Segment Open
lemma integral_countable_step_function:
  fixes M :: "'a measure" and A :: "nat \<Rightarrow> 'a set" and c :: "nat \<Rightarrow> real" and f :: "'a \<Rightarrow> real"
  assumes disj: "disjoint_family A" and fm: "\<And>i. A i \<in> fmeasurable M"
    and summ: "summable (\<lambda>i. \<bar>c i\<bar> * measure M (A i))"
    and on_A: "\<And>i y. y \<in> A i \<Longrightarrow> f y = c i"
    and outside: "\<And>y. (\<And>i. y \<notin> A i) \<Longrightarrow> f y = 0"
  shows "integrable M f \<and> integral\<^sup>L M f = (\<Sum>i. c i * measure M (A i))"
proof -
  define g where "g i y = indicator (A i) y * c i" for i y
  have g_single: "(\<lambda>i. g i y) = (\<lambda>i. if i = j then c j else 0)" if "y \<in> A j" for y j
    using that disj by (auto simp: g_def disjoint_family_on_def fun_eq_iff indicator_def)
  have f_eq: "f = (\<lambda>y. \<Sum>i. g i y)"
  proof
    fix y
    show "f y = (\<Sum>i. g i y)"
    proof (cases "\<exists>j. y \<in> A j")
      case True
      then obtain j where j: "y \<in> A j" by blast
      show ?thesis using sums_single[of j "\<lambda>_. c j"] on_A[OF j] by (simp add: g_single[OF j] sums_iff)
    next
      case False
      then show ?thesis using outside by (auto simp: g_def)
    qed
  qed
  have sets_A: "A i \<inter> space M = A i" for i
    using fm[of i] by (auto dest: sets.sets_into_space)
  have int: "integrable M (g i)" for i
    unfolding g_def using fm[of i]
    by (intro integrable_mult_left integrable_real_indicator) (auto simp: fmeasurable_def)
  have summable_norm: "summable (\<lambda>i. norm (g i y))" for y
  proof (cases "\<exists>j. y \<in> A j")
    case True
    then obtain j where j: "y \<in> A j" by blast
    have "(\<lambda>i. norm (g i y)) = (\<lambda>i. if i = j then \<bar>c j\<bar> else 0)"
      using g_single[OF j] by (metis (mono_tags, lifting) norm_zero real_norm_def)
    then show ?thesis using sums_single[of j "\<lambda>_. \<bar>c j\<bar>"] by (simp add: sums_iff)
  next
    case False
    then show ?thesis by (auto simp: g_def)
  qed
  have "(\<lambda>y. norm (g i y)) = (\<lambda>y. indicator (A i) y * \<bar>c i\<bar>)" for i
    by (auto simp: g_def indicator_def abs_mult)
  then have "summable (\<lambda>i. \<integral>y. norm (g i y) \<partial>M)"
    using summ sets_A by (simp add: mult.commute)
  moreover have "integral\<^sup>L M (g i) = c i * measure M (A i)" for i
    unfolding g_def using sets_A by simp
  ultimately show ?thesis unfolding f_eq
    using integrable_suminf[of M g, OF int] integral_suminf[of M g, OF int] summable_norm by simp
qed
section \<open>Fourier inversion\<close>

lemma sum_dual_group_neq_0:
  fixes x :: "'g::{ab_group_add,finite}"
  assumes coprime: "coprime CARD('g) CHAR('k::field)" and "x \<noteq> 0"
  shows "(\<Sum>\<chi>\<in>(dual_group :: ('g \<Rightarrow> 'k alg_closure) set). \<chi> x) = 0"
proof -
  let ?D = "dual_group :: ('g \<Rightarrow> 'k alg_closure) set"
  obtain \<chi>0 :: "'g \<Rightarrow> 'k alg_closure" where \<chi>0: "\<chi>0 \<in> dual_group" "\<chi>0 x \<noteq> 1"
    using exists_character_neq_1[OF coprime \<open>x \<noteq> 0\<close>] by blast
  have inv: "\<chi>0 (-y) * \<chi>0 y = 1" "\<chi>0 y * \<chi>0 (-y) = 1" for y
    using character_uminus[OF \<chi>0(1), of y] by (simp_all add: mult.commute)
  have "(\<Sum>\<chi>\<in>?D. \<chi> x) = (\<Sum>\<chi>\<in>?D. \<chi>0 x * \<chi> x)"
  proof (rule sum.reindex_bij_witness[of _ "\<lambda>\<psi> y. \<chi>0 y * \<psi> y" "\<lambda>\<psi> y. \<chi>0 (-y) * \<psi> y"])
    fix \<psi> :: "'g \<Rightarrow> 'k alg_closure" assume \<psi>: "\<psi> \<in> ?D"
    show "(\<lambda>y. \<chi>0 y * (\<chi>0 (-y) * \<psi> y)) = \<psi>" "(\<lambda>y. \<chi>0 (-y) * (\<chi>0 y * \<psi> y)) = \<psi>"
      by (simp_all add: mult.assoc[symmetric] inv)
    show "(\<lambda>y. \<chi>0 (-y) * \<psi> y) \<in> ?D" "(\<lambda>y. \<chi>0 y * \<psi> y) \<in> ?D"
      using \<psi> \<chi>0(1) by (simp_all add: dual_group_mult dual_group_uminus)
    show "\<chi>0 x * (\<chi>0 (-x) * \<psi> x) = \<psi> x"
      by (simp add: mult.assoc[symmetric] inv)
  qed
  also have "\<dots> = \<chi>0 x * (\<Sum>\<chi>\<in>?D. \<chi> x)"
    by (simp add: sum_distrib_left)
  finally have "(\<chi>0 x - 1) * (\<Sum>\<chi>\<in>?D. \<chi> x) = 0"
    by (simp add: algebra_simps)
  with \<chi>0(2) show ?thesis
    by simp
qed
Segment Closed
> Exercise aim: From the first line to the last, restate the data above exactly.

> Solution below:
lemma integral_countable_step_function:
  fixes M :: "'a measure" and A :: "nat \<Rightarrow> 'a set" and c :: "nat \<Rightarrow> real" and f :: "'a \<Rightarrow> real"
  assumes disj: "disjoint_family A" and fm: "\<And>i. A i \<in> fmeasurable M"
    and summ: "summable (\<lambda>i. \<bar>c i\<bar> * measure M (A i))"
    and on_A: "\<And>i y. y \<in> A i \<Longrightarrow> f y = c i"
    and outside: "\<And>y. (\<And>i. y \<notin> A i) \<Longrightarrow> f y = 0"
  shows "integrable M f \<and> integral\<^sup>L M f = (\<Sum>i. c i * measure M (A i))"
proof -
  define g where "g i y = indicator (A i) y * c i" for i y
  have g_single: "(\<lambda>i. g i y) = (\<lambda>i. if i = j then c j else 0)" if "y \<in> A j" for y j
    using that disj by (auto simp: g_def disjoint_family_on_def fun_eq_iff indicator_def)
  have f_eq: "f = (\<lambda>y. \<Sum>i. g i y)"
  proof
    fix y
    show "f y = (\<Sum>i. g i y)"
    proof (cases "\<exists>j. y \<in> A j")
      case True
      then obtain j where j: "y \<in> A j" by blast
      show ?thesis using sums_single[of j "\<lambda>_. c j"] on_A[OF j] by (simp add: g_single[OF j] sums_iff)
    next
      case False
      then show ?thesis using outside by (auto simp: g_def)
    qed
  qed
  have sets_A: "A i \<inter> space M = A i" for i
    using fm[of i] by (auto dest: sets.sets_into_space)
  have int: "integrable M (g i)" for i
    unfolding g_def using fm[of i]
    by (intro integrable_mult_left integrable_real_indicator) (auto simp: fmeasurable_def)
  have summable_norm: "summable (\<lambda>i. norm (g i y))" for y
  proof (cases "\<exists>j. y \<in> A j")
    case True
    then obtain j where j: "y \<in> A j" by blast
    have "(\<lambda>i. norm (g i y)) = (\<lambda>i. if i = j then \<bar>c j\<bar> else 0)"
      using g_single[OF j] by (metis (mono_tags, lifting) norm_zero real_norm_def)
    then show ?thesis using sums_single[of j "\<lambda>_. \<bar>c j\<bar>"] by (simp add: sums_iff)
  next
    case False
    then show ?thesis by (auto simp: g_def)
  qed
  have "(\<lambda>y. norm (g i y)) = (\<lambda>y. indicator (A i) y * \<bar>c i\<bar>)" for i
    by (auto simp: g_def indicator_def abs_mult)
  then have "summable (\<lambda>i. \<integral>y. norm (g i y) \<partial>M)"
    using summ sets_A by (simp add: mult.commute)
  moreover have "integral\<^sup>L M (g i) = c i * measure M (A i)" for i
    unfolding g_def using sets_A by simp
  ultimately show ?thesis unfolding f_eq
    using integrable_suminf[of M g, OF int] integral_suminf[of M g, OF int] summable_norm by simp
qed
section \<open>Fourier inversion\<close>

lemma sum_dual_group_neq_0:
  fixes x :: "'g::{ab_group_add,finite}"
  assumes coprime: "coprime CARD('g) CHAR('k::field)" and "x \<noteq> 0"
  shows "(\<Sum>\<chi>\<in>(dual_group :: ('g \<Rightarrow> 'k alg_closure) set). \<chi> x) = 0"
proof -
  let ?D = "dual_group :: ('g \<Rightarrow> 'k alg_closure) set"
  obtain \<chi>0 :: "'g \<Rightarrow> 'k alg_closure" where \<chi>0: "\<chi>0 \<in> dual_group" "\<chi>0 x \<noteq> 1"
    using exists_character_neq_1[OF coprime \<open>x \<noteq> 0\<close>] by blast
  have inv: "\<chi>0 (-y) * \<chi>0 y = 1" "\<chi>0 y * \<chi>0 (-y) = 1" for y
    using character_uminus[OF \<chi>0(1), of y] by (simp_all add: mult.commute)
  have "(\<Sum>\<chi>\<in>?D. \<chi> x) = (\<Sum>\<chi>\<in>?D. \<chi>0 x * \<chi> x)"
  proof (rule sum.reindex_bij_witness[of _ "\<lambda>\<psi> y. \<chi>0 y * \<psi> y" "\<lambda>\<psi> y. \<chi>0 (-y) * \<psi> y"])
    fix \<psi> :: "'g \<Rightarrow> 'k alg_closure" assume \<psi>: "\<psi> \<in> ?D"
    show "(\<lambda>y. \<chi>0 y * (\<chi>0 (-y) * \<psi> y)) = \<psi>" "(\<lambda>y. \<chi>0 (-y) * (\<chi>0 y * \<psi> y)) = \<psi>"
      by (simp_all add: mult.assoc[symmetric] inv)
    show "(\<lambda>y. \<chi>0 (-y) * \<psi> y) \<in> ?D" "(\<lambda>y. \<chi>0 y * \<psi> y) \<in> ?D"
      using \<psi> \<chi>0(1) by (simp_all add: dual_group_mult dual_group_uminus)
    show "\<chi>0 x * (\<chi>0 (-x) * \<psi> x) = \<psi> x"
      by (simp add: mult.assoc[symmetric] inv)
  qed
  also have "\<dots> = \<chi>0 x * (\<Sum>\<chi>\<in>?D. \<chi> x)"
    by (simp add: sum_distrib_left)
  finally have "(\<chi>0 x - 1) * (\<Sum>\<chi>\<in>?D. \<chi> x) = 0"
    by (simp add: algebra_simps)
  with \<chi>0(2) show ?thesis
    by simp
qed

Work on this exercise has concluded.